VD: Is there anything you learned in the corporate world that still serves you in comedy?

PT: There are a few things. A greater sense of relatability to people and understanding what people go through and where people’s priorities are because I was living that life. That has served me well in the comedy world because I can play well to a lot of different audiences.

The big-ticket item for me is I was fortunate enough to have a successful career where I could walk away and be ok from a day-to-day living standpoint. And everyone that I talked to said, “there’s really no money in comedy.” A lot of comics end up doing shows for free. I thought, “there’s gotta be a way for me to bridge the gap between the two.” 

I started my company Treuer Laughs, and that is just putting on stand up comedy shows for corporate events. That has been the biggest thing for me because there is a wealth of comics in Chicago, and really all over the United States, who are very talented but they’ve maybe only been doing it for two or three years. Or they’ve never been in the corporate world so they have no idea how to do that. But I know exactly how to navigate the corporate world. I know how to find the right person, I know how to sell to them and now I have the pool of comics to work with and I’ll put together a show. I’ll host the show and bring 5-7 comics to corporate events. I can make a living off this as well as providing paid opportunities to talented people so that they can actually pay the bills with their skills.

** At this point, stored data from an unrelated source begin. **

lemma integral_equation_solution_exists_Icc:
  fixes G :: "real \<Rightarrow> real \<Rightarrow> real"
  assumes cont: "continuous_on UNIV (case_prod G)" and "a \<le> b"
    and lip: "\<forall>t\<in>{a..b}. L-lipschitz_on UNIV (G t)"
  shows "\<exists>X. continuous_on {a..b} X \<and> (\<forall>t\<in>{a..b}. X t = x0 + integral {a..t} (\<lambda>s. G s (X s)))"
proof -
  have "0 \<le> L" using lip \<open>a \<le> b\<close> by (auto intro: lipschitz_on_nonneg)
  define K where "K = 2 * L + 1"
  have "0 < K" "L / K \<le> 1/2" using \<open>0 \<le> L\<close> by (auto simp: K_def field_simps)
  let ?\<Psi> = "weighted_picard G K a x0"
  have ext_bcontfun: "ext_cont (?\<Psi> u) a b \<in> bcontfun" if "continuous_on UNIV u" for u
  proof -
    note \<Psi>_cont = weighted_picard_continuous_on[OF cont that, of a b K x0]
    then have "bounded (?\<Psi> u ` cbox a b)"
      by (auto intro: compact_imp_bounded compact_continuous_image)
    with \<Psi>_cont show ?thesis
      unfolding bcontfun_def ext_cont_def by (auto intro!: clamp_continuous_on clamp_bounded)
  qed
  define \<Phi> where "\<Phi> u = Bcontfun (ext_cont (?\<Psi> (apply_bcontfun u)) a b)" for u :: "real \<Rightarrow>\<^sub>C real"
  have \<Phi>_apply: "\<Phi> u t = ?\<Psi> u (clamp a b t)" for u t
    unfolding \<Phi>_def using ext_bcontfun[of "apply_bcontfun u"]
    by (simp add: Bcontfun_inverse ext_cont_def)
  have "dist (\<Phi> u) (\<Phi> v) \<le> 1/2 * dist u v" for u v
  proof (rule dist_bound)
    fix t
    have "clamp a b t \<in> {a..b}" using clamp_in_interval[of a b t] \<open>a \<le> b\<close> by simp
    then have "dist (\<Phi> u t) (\<Phi> v t) \<le> L / K * dist u v"
      unfolding \<Phi>_apply dist_real_def
      by (intro weighted_picard_dist_le[OF cont lip \<open>0 < K\<close>])
        (auto simp flip: dist_real_def intro: dist_bounded)
    also have "\<dots> \<le> 1/2 * dist u v" by (rule mult_right_mono[OF \<open>L / K \<le> 1/2\<close> zero_le_dist])
    finally show "dist (\<Phi> u t) (\<Phi> v t) \<le> 1/2 * dist u v" .
  qed
  then obtain u where u: "\<Phi> u = u"
    using banach_fix_type[of "1/2" \<Phi>] by auto
  define X where "X t = exp (K * (t - a)) * u t" for t
  show ?thesis
  proof (intro exI conjI ballI)
    show "continuous_on {a..b} X"
      unfolding X_def by (intro continuous_intros continuous_on_apply_bcontfun)
    fix t assume "t \<in> {a..b}"
    then have "u t = ?\<Psi> u t" by (metis \<Phi>_apply u clamp_cancel_cbox cbox_interval)
    then show "X t = x0 + integral {a..t} (\<lambda>s. G s (X s))"
      by (simp add: X_def weighted_picard_def mult_exp_exp flip: exp_add)
  qed
qed

lemma ode_solution_exists_Icc:
  fixes G :: "real \<Rightarrow> real \<Rightarrow> real"
  assumes cont: "continuous_on UNIV (case_prod G)" and "a \<le> b"
    and lip: "\<forall>t\<in>{a..b}. L-lipschitz_on UNIV (G t)"
  shows "\<exists>X. X a = x0 \<and> ode_solution_on G {a..b} X"
proof -
  obtain X where X_cont: "continuous_on {a..b} X"
    and X_eq: "\<And>t. t \<in> {a..b} \<Longrightarrow> X t = x0 + integral {a..t} (\<lambda>s. G s (X s))"
    using integral_equation_solution_exists_Icc[OF assms] by blast
  have "continuous_on {a..b} (\<lambda>s. G s (X s))"
    by (rule continuous_on_compose_case_prod[OF cont X_cont])
  then have deriv: "((\<lambda>t. x0 + integral {a..t} (\<lambda>s. G s (X s))) has_real_derivative G t (X t))
      (at t within {a..b})" if "t \<in> {a..b}" for t
    using integral_has_real_derivative[of a b _ t] that by (auto intro!: derivative_eq_intros)
  have "(X has_real_derivative G t (X t)) (at t within {a..b})" if "t \<in> {a..b}" for t
    by (rule has_field_derivative_transform_within[OF deriv[OF that] zero_less_one that])
      (simp add: X_eq)
  moreover have "X a = x0" using X_eq[of a] \<open>a \<le> b\<close> by simp
  ultimately show ?thesis unfolding ode_solution_on_def by blast
qed

lemma ode_solution_exists_atLeast:
  fixes G :: "real \<Rightarrow> real \<Rightarrow> real"
  assumes cont: "continuous_on UNIV (case_prod G)"
    and lip: "\<And>b. \<exists>L. \<forall>t\<in>{a..b}. L-lipschitz_on UNIV (G t)"
  shows "\<exists>X. X a = x0 \<and> ode_solution_on G {a..} X"
proof -
  have "\<exists>X. X a = x0 \<and> ode_solution_on G {a..a + real n} X" for n :: nat
    using lip[of "a + real n"] ode_solution_exists_Icc[OF cont, of a "a + real n"] by auto
  then obtain sol where sol_init: "\<And>n. sol n a = x0"
    and sol: "\<And>n. ode_solution_on G {a..a + real n} (sol n)"
    by metis
  have sol_agree: "sol m t = sol n t" if "t \<in> {a..a + real m}" "m \<le> n" for m n t
  proof -
    obtain L where "\<forall>s\<in>{a..a + real m}. L-lipschitz_on UNIV (G s)" using lip by blast
    moreover have "ode_solution_on G {a..a + real m} (sol n)"
      using \<open>m \<le> n\<close> by (intro ode_solution_on_subset[OF sol[of n]]) auto
    ultimately show ?thesis
      using ode_solutions_Icc_eq[OF _ sol[of m]] sol_init that(1) by metis
  qed
  define X where "X t = sol (nat \<lceil>t - a\<rceil>) t" for t
  have X_eq: "X s = sol n s" if "s \<in> {a..a + real n}" for n s
    unfolding X_def using that by (intro sol_agree) (auto, linarith)
  have "(X has_real_derivative G t (X t)) (at t within {a..})" if "a \<le> t" for t
  proof -
    define n where "n = nat \<lceil>t - a\<rceil> + 1"
    have "t < a + real n" unfolding n_def using that by simp linarith
    have within_eq: "at t within {a..a + real n} = at t within {a..}"
      by (rule at_within_nhd[where S = "{..<a + real n}"]) (use \<open>t < a + real n\<close> that in auto)
    have "(sol n has_real_derivative G t (sol n t)) (at t within {a..a + real n})"
      using sol[of n] that \<open>t < a + real n\<close> unfolding ode_solution_on_def by auto
    then have "(sol n has_real_derivative G t (sol n t)) (at t within {a..})"
      by (simp only: within_eq)
    then have "(X has_real_derivative G t (sol n t)) (at t within {a..})"
    proof (rule has_field_derivative_transform_within[where d = "a + real n - t"])
      fix s assume "s \<in> {a..}" "dist s t < a + real n - t"
      then show "sol n s = X s" using X_eq[of s n] by (auto simp: dist_real_def)
    qed (use that \<open>t < a + real n\<close> in auto)
    then show ?thesis
      using X_eq[of t n] that \<open>t < a + real n\<close> by simp
  qed
  moreover have "X a = x0" by (simp add: X_def sol_init)
  ultimately show ?thesis unfolding ode_solution_on_def by auto
qed

lemma ode_solutions_atLeast_less:
  assumes lip: "\<And>b. \<exists>L. \<forall>t\<in>{a..b}. L-lipschitz_on UNIV (G t)"
    and X: "ode_solution_on G {a..} X" and Y: "ode_solution_on G {a..} Y"
    and "X a < Y a" "a \<le> t"
  shows "X t < Y t"
proof -
  obtain L where "\<forall>s\<in>{a..t}. L-lipschitz_on UNIV (G s)" using lip by blast
  moreover have "ode_solution_on G {a..t} X" "ode_solution_on G {a..t} Y"
    using X Y by (auto elim: ode_solution_on_subset)
  ultimately show ?thesis
    using ode_solutions_Icc_less \<open>X a < Y a\<close> \<open>a \<le> t\<close> by fastforce
qed

section \<open>Outgoing null geodesics\<close>

definition geodesic_field ::
  "(real \<Rightarrow> real \<Rightarrow> real) \<Rightarrow> (real \<Rightarrow> real) \<Rightarrow> (real \<Rightarrow> real) \<Rightarrow> real \<Rightarrow> real \<Rightarrow> real" where
  "geodesic_field h xp xm v x = h v x * (x - xp v) * (x - xm v) / 2"

lemma outgoing_geodesic_iff_ode_solution:
  "outgoing_geodesic h xp xm v1 X \<longleftrightarrow> ode_solution_on (geodesic_field h xp xm) {v1..} X"
  unfolding outgoing_geodesic_def ode_solution_on_def geodesic_field_def by auto

locale bounded_horizons =
  fixes h :: "real \<Rightarrow> real \<Rightarrow> real" and xp xm :: "real \<Rightarrow> real" and v1 m M :: real
  assumes h_cont: "continuous_on UNIV (case_prod h)"
    and h_deriv: "\<And>v x. (h v has_real_derivative deriv (h v) x) (at x)"
    and h_deriv_cont: "continuous_on UNIV (\<lambda>(v, x). deriv (h v) x)"
    and xp_cont: "continuous_on UNIV xp" and xm_cont: "continuous_on UNIV xm"
    and horizons_in_strip: "\<And>v. v1 \<le> v \<Longrightarrow> m \<le> xm v \<and> xm v < xp v \<and> xp v \<le> M"
begin

text \<open>Freezing the field outside \<open>[m, M]\<close> makes it globally Lipschitz, so that all solutions
  exist for all times, without changing the geodesics between the horizons.\<close>
definition clamped_field :: "real \<Rightarrow> real \<Rightarrow> real" where
  "clamped_field v x = geodesic_field h xp xm v (clamp m M x)"

lemma clamped_field_eq_geodesic_field:
  "v1 \<le> v \<Longrightarrow> xm v \<le> x \<Longrightarrow> x \<le> xp v \<Longrightarrow> clamped_field v x = geodesic_field h xp xm v x"
  using horizons_in_strip[of v] by (simp add: clamped_field_def cbox_interval)

lemma horizons_continuous_fst:
  "continuous_on UNIV (\<lambda>p. xp (fst p))" "continuous_on UNIV (\<lambda>p. xm (fst p))"
  by (intro continuous_on_compose2[OF xp_cont] continuous_on_compose2[OF xm_cont]
      continuous_intros; simp)+

lemma geodesic_field_continuous: "continuous_on UNIV (case_prod (geodesic_field h xp xm))"
  using h_cont horizons_continuous_fst
  unfolding geodesic_field_def case_prod_unfold by (intro continuous_intros) auto

lemma clamped_field_continuous: "continuous_on UNIV (case_prod clamped_field)"
proof -
  have "continuous_on UNIV (\<lambda>x. clamp m M x :: real)"
    by (rule clamp_continuous_on) (rule continuous_on_id)
  from continuous_on_compose2[OF this continuous_on_snd[OF continuous_on_id]]
  have "continuous_on UNIV (\<lambda>p. clamp m M (snd p) :: real)" by simp
  then have "continuous_on UNIV (\<lambda>p. (fst p, clamp m M (snd p) :: real))"
    by (intro continuous_on_Pair continuous_on_fst continuous_on_id)
  from continuous_on_compose2[OF geodesic_field_continuous this]
  show ?thesis unfolding clamped_field_def case_prod_unfold by simp
qed

lemma clamped_field_lipschitz: "\<exists>L. \<forall>t\<in>{a..b}. L-lipschitz_on UNIV (clamped_field t)"
proof -
  define g' where "g' v x = (deriv (h v) x * (x - xp v) * (x - xm v) + h v x * ((x - xm v) + (x - xp v))) / 2"
    for v x
  have "(geodesic_field h xp xm v has_real_derivative g' v x) (at x)" for v x
    unfolding geodesic_field_def[abs_def] g'_def
    by (auto intro!: derivative_eq_intros h_deriv simp: field_simps)
  moreover have "continuous_on UNIV (case_prod g')"
    using h_cont h_deriv_cont horizons_continuous_fst
    unfolding g'_def case_prod_unfold by (intro continuous_intros) auto
  ultimately obtain L where L: "\<forall>t\<in>{a..b}. L-lipschitz_on {m..M} (geodesic_field h xp xm t)"
    using lipschitz_on_Icc_of_continuous_derivative by blast
  have clamp_lipschitz: "1-lipschitz_on UNIV (\<lambda>x. clamp m M x :: real)"
    by (rule lipschitz_onI) (metis dist_clamps_le_dist_args mult_1, simp)
  have clamp_range: "range (\<lambda>x. clamp m M x) \<subseteq> {m..M}"
    using clamp_in_interval[of m M] horizons_in_strip[of v1] by force
  have "(L * 1)-lipschitz_on UNIV (clamped_field t)" if "t \<in> {a..b}" for t
    unfolding clamped_field_def
    by (rule lipschitz_on_compose2[OF clamp_lipschitz lipschitz_on_subset[OF _ clamp_range]])
      (use L that in blast)
  then show ?thesis by blast
qed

VD: Tell me about your YouTube channel, Pat Chat.

PT: I was taking some writing classes at IO Theater. Chicago is famous for Second City. There’s another theater that’s not so well known outside Chicago and outside the performing arts community. IO stands for Improv Olympic. Most of the people that were in Second City were also in IO, Chris Farley, Amy Poehler, Jason Sudekis. I started taking classes at IO. And I had a teacher named Michael McCarthy and he started the writing program at Second City and IO and he was a writer on “Saturday Night Live” and his history as a writer is incredible. 

I was writing a letter to an agent at “Late Night with Stephen Colbert” to look at my packet that I put together. As I was writing it that I realized that all I was doing was asking somebody to get a job working for someone else. Essentially another corporate job. I realized that I was writing a letter to somebody asking them to put me in a position where someone else would dictate my creative output and I did not like that at all. And then I realized, YouTube. I had done some high school video club stuff, but nothing serious. I had a phone, and I could get a camera and I could figure it out. So that’s why I started Pat Chat. That was my creative outlet. That was while I was still working the corporate job and traveling a bunch. I had a goal to just do one episode a week for a year, and that turned into two episodes a week.

Then during the Polar Vortex here in Chicago, I was at the gym watching the news and I was getting messages from my friends all over the world, “Hey, hope you’re ok.” I walked to the gym and I put on my ski gear, and I was like, “this is really not any worse than being stuck in the back bowls on a chairlift during a windy blizzard.” The thing I was noticing about the news was that there was no one on the streets. I was like, “I bet people are searching for ‘polar vortex’ online right now.” So I just took my tripod and my phone out where I live by the Chicago River. Like an idiot, all I did was happily yell into the camera, took my shirt off, did some jumping jacks and rode around on an invisible horse. I had like 3,400 views in 24 hours. It was so stupid, right? It really wasn’t that cold, the news made it seem like it was the worst ever. That’s the most popular one on Pat Chat, and definitely the stupidest one as well.

VD: What are you most excited about coming back to your home state? 

PT: I feel like this is a part of my Hero’s Journey. I want to move back to Colorado. This is a case of “yes, my efforts are really paying off.” I get to bring this gift home of all this work I’ve been putting in and share it with everybody. That’s really what I’m excited about.